Few people would go regularly to a restaurant that offered one item, served one way, with no opportunity for customization. Even someone who really enjoyed that dish would probably tire pretty quickly of it, and the vast majority of the public would either never go or visit only once.
That hasn't stopped companies from taking a one-size-fits-all approach to employees. That's been very evident in the open-office trend. Many businesses have implemented that setup without considering what their employees actually want.
In reality, the best way to retain workers and keep office morale might be to offer employees more choice. Most workers -- a full 90% -- said more flexible work arrangements and schedules will increase morale, according to the 2019 Staples Workplace Survey.
What do workers want?
Workers want choice, and they're not in favor of offices that take a one-size-fits-all approach. Specifically, 52% said "an open office layout creates distractions," while 40% said their office is "too open."
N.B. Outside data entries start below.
lemma bid_kl_uniform_le:
  fixes B :: "'i::finite \<Rightarrow> real" and u :: "'i \<Rightarrow> 'j::finite \<Rightarrow> real"
  assumes B_pos: "\<And>i. 0 < B i" and u: "qls_feasible B u ud"
  shows "bid_kl u ud (\<lambda>i j. B i / (real CARD('j) + 1)) (\<lambda>i. B i / (real CARD('j) + 1))
       \<le> (\<Sum>i\<in>UNIV. B i) * ln (real CARD('j) + 1)"
proof -
  let ?m = "real CARD('j) + 1"
  have entry: "z * ln (z / (B i / ?m)) \<le> z * ln ?m" if "0 \<le> z" "z \<le> B i" for z i
  proof (cases "z = 0")
    case False
    with that have z: "0 < z" by simp
    have "z / (B i / ?m) = ?m * (z / B i)"
      by simp
    also have "\<dots> \<le> ?m"
      using that B_pos[of i] by (intro mult_left_le) auto
    finally have "z / (B i / ?m) \<le> ?m" .
    with z B_pos[of i] show ?thesis
      by (intro mult_left_mono) auto
  qed simp
  have "bid_kl u ud (\<lambda>i j. B i / ?m) (\<lambda>i. B i / ?m)
      \<le> (\<Sum>i\<in>UNIV. \<Sum>j\<in>UNIV. u i j * ln ?m) + (\<Sum>i\<in>UNIV. ud i * ln ?m)"
    unfolding bid_kl_def using u qls_feasible_le_budget[OF u]
    by (intro add_mono sum_mono entry) (auto simp: qls_feasible_def)
  also have "\<dots> = (\<Sum>i\<in>UNIV. ((\<Sum>j\<in>UNIV. u i j) + ud i) * ln ?m)"
    by (simp add: sum.distrib sum_distrib_right distrib_right)
  also have "\<dots> = (\<Sum>i\<in>UNIV. B i) * ln ?m"
    using u by (simp add: qls_feasible_def sum_distrib_right)
  finally show ?thesis .
qed

theorem theorem7:
  fixes v :: "'i::finite \<Rightarrow> 'j::finite \<Rightarrow> real"
    and B :: "'i \<Rightarrow> real"
    and bopt :: "'i \<Rightarrow> 'j \<Rightarrow> real" and dopt :: "'i \<Rightarrow> real"
    and b :: "nat \<Rightarrow> 'i \<Rightarrow> 'j \<Rightarrow> real" and d :: "nat \<Rightarrow> 'i \<Rightarrow> real"
    and t :: nat
  assumes v_pos: "\<And>i j. 0 < v i j"
    and B_pos: "\<And>i. 0 < B i"
    and opt_feas: "qls_feasible B bopt dopt"
    and opt_min: "\<And>b' d'. qls_feasible B b' d' \<Longrightarrow> qls_phi v bopt \<le> qls_phi v b'"
    and init_b: "\<And>i j. b 0 i j = B i / (real CARD('j) + 1)"
    and init_d: "\<And>i. d 0 i = B i / (real CARD('j) + 1)"
    and step_feas: "\<And>s. qls_feasible B (b (Suc s)) (d (Suc s))"
    and step_min: "\<And>s b' d'. qls_feasible B b' d' \<Longrightarrow>
                     md_obj v (b s) (d s) (b (Suc s)) (d (Suc s)) \<le> md_obj v (b s) (d s) b' d'"
    and t_ge: "1 \<le> t"
  shows "gen_KL (qls_price (b t)) (qls_price bopt) \<le> qls_phi v (b t) - qls_phi v bopt
       \<and> qls_phi v (b t) - qls_phi v bopt
           \<le> (\<Sum>i\<in>UNIV. \<bar>B i\<bar>) * ln (real CARD('j) + 1) / real t"
proof
  let ?m = "real CARD('j) + 1" and ?K = "\<lambda>s. bid_kl bopt dopt (b s) (d s)"
  have b0: "b 0 = (\<lambda>i j. B i / ?m)" "d 0 = (\<lambda>i. B i / ?m)"
    using init_b init_d by auto
  have feas: "qls_feasible B (b s) (d s)" for s
    using qls_feasible_uniform[of B] B_pos step_feas by (cases s) (auto simp: b0 less_imp_le)
  show "gen_KL (qls_price (b t)) (qls_price bopt) \<le> qls_phi v (b t) - qls_phi v bopt"
    by (rule qls_gen_KL_le_phi_gap[OF v_pos B_pos opt_feas opt_min feas])
  have pos: "(\<forall>i j. 0 < b s i j) \<and> (\<forall>i. 0 < d s i)" for s
  proof (rule md_iterates_pos[of B b d v, OF B_pos _ _ step_feas step_min])
    show "0 < b 0 i j" "0 < d 0 i" for i j
      using B_pos[of i] by (simp_all add: b0)
  qed
  have descent: "qls_phi v (b (Suc s))
      \<le> qls_phi v u + bid_kl u ud (b s) (d s) - bid_kl u ud (b (Suc s)) (d (Suc s))"
    if "qls_feasible B u ud" for s u ud
    using md_descent[OF v_pos B_pos _ _ feas step_feas step_min that] pos by blast
  have "real t * (qls_phi v (b t) - qls_phi v bopt) \<le> ?K 0"
  proof (rule monotone_descent_rate)
    show "qls_phi v (b (Suc s)) \<le> qls_phi v (b s)" for s
      using descent[OF feas, of s s] bid_kl_nonneg[OF feas[of s] step_feas[of s]] pos[of "Suc s"]
      by (simp add: bid_kl_self)
    show "qls_phi v (b (Suc s)) \<le> qls_phi v bopt + ?K s - ?K (Suc s)" for s
      using descent[OF opt_feas] .
    show "0 \<le> ?K s" for s
      using bid_kl_nonneg[OF opt_feas feas] pos by blast
  qed
  also have "?K 0 \<le> (\<Sum>i\<in>UNIV. \<bar>B i\<bar>) * ln ?m"
    unfolding b0 using bid_kl_uniform_le[OF B_pos opt_feas] B_pos by (simp add: abs_of_pos)
  finally show "qls_phi v (b t) - qls_phi v bopt \<le> (\<Sum>i\<in>UNIV. \<bar>B i\<bar>) * ln ?m / real t"
    using t_ge by (simp add: pos_le_divide_eq mult.commute)
qed
(* Let $p\in Pr$ and let $\mathcal{T}$ be a set of $\mathrm{HL}$-types such that every $T\in\mathcal{T}$ has no skeleton subtypes and $p$ is lonely in $T$. If $H$ is a graph all of whose edges are labeled by elements of $\mathcal{T}\cup\{p\}$ and $\mathrm{HL}\vdash H\to p$, then $H=p^\bullet$.
   Context: Hypergraphs: given labels $C$ with $type:C\to\mathbb{N}$, a graph is $G=\langle V,E,att,lab,ext\rangle$ with finite $V,E$, $att:E\to V^\circledast$ (strings of distinct nodes), $lab:E\to C$ with $type(lab(e))=|att(e)|$, $ext\in V^\circledast$; $type(G)=|ext|$; isomorphic graphs identified. Handle $a^\bullet$: nodes $v_1..v_n$, one edge labeled $a$ with $att=v_1\dots v_n$, $ext=v_1\dots v_n$. Replacement $G[e/H]$: remove $e$, insert a disjoint copy of $H$, fuse $i$-th external node of $H$ with $i$-th attachment node of $e$; simultaneous replacement; relabeling $G[e:=a]$. $\mathrm{HL}$: primitive types $Pr$ with $type:Pr\to\mathbb{N}$ (infinitely many of each arity); symbol $\$$ of any arity. Types: primitives; $N\div D$ where $D$ has exactly one edge $d_0$ labeled $\$$, others labeled by types, $type(N)=type(D)$, $type(N\div D)=type_D(d_0)$; $\times(M)$ for a type-labeled graph $M$, $type(\times(M))=type(M)$. Subtypes of a type are the occurrences of types in its inductive construction (the type itself, and recursively subtypes of $N$ and of edge labels of $D$ for $N\div D$, and of edge labels of $M$ for $\times(M)$). Graph sequent $H\to A$ with $type(H)=type(A)$. Axioms $p^\bullet\to p$. Rules: $(\div\to)$: for $N\div D$ with $E_D=\{d_0,\dots,d_k\}$, $e\in E_H$ labeled $N$: from $H\to A$, $H_i\to lab(d_i)$ infer $H[e/D][d_0:=N\div D][d_1/H_1,\dots,d_k/H_k]\to A$; $(\to\div)$: from $D[d_0/F]\to N$ infer $F\to N\div D$; $(\times\to)$: if $e\in E_G$ is labeled $\times(F)$, from $G[e/F]\to A$ infer $G\to A$; $(\to\times)$: with $E_M=\{m_1,\dots,m_l\}$, from $H_i\to lab(m_i)$ infer $M[m_1/H_1,\dots,m_l/H_l]\to\times(M)$. Top occurrence: a subtype occurrence $B$ is a top occurrence within $A$ if $A=B$; or $A=\times(M)$ and $B$ is a top occurrence within $lab(e_0)$ for some $e_0\in E_M$; or $A=N\div D$ and $B$ is a top occurrence within $N$. A primitive $p$ is lonely in a type $A$ if for each top occurrence of $p$ within $A$ there is a subtype $\times(M)$ of $A$ with $|E_M|\ge2$ and some $e_0\in E_M$ whose label $lab(e_0)=p$ is that top occurrence. A type is skeleton if it equals $\times(M)$ with $E_M=\emptyset$ and $|ext_M|=|V_M|$. *)

theory Defs
  imports Main "HOL-Library.Nat_Bijection"
begin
Employees aren't necessarily asking for a return to closed offices. Instead, they want more choice -- private rooms for calls and meetings, as well as the ability to work from home when possible. In fact, 64% of workers said they work from home at least some of the time, but only 34% of employers have a formal or informal policy regulating that work.
That's a situation that could lead to worker discontent if a company tries to tighten up its policy. Two-thirds of survey respondents (67%) said they "would consider leaving their job if their work arrangements became less flexible."
Addressing workplace flexibility requires a company to engage in a dialogue with its employees. It also means thinking about the relationship between work and worker in a different way.
"The concept of work-life balance has given way to the simpler concept of 'work life' -- one's life at work," said Staples Brand Group Vice President Chris DeMeo in a press release. "Employees no longer embrace the traditional 9-to-5 and instead seek an environment that accommodates the fact that their needs may change day to day."
What can your company do?
Offering flexibility is harder than having a single policy that applies in all situations. You need to craft rules that work for the entire workforce without favoring one person or group over another. That requires a thoughtful discussion -- maybe a lot of them -- and a willingness to constantly re-evaluate.
"The smartest employers are acknowledging this reality and offering their workers more autonomy when it comes to where, when, and how they work," DeMeo said. "It may be a leap of faith for offices used to the old ways of doing things, but it's one that could yield dividends in terms of recruitment, retention, and productivity."
There's no single answer here that applies to every company. Instead, employers need to embrace that what seems right for them may not be what's best for their employees. Finding solutions requires a willingness to give employees a voice and to change policies that may have been in place for a very long time.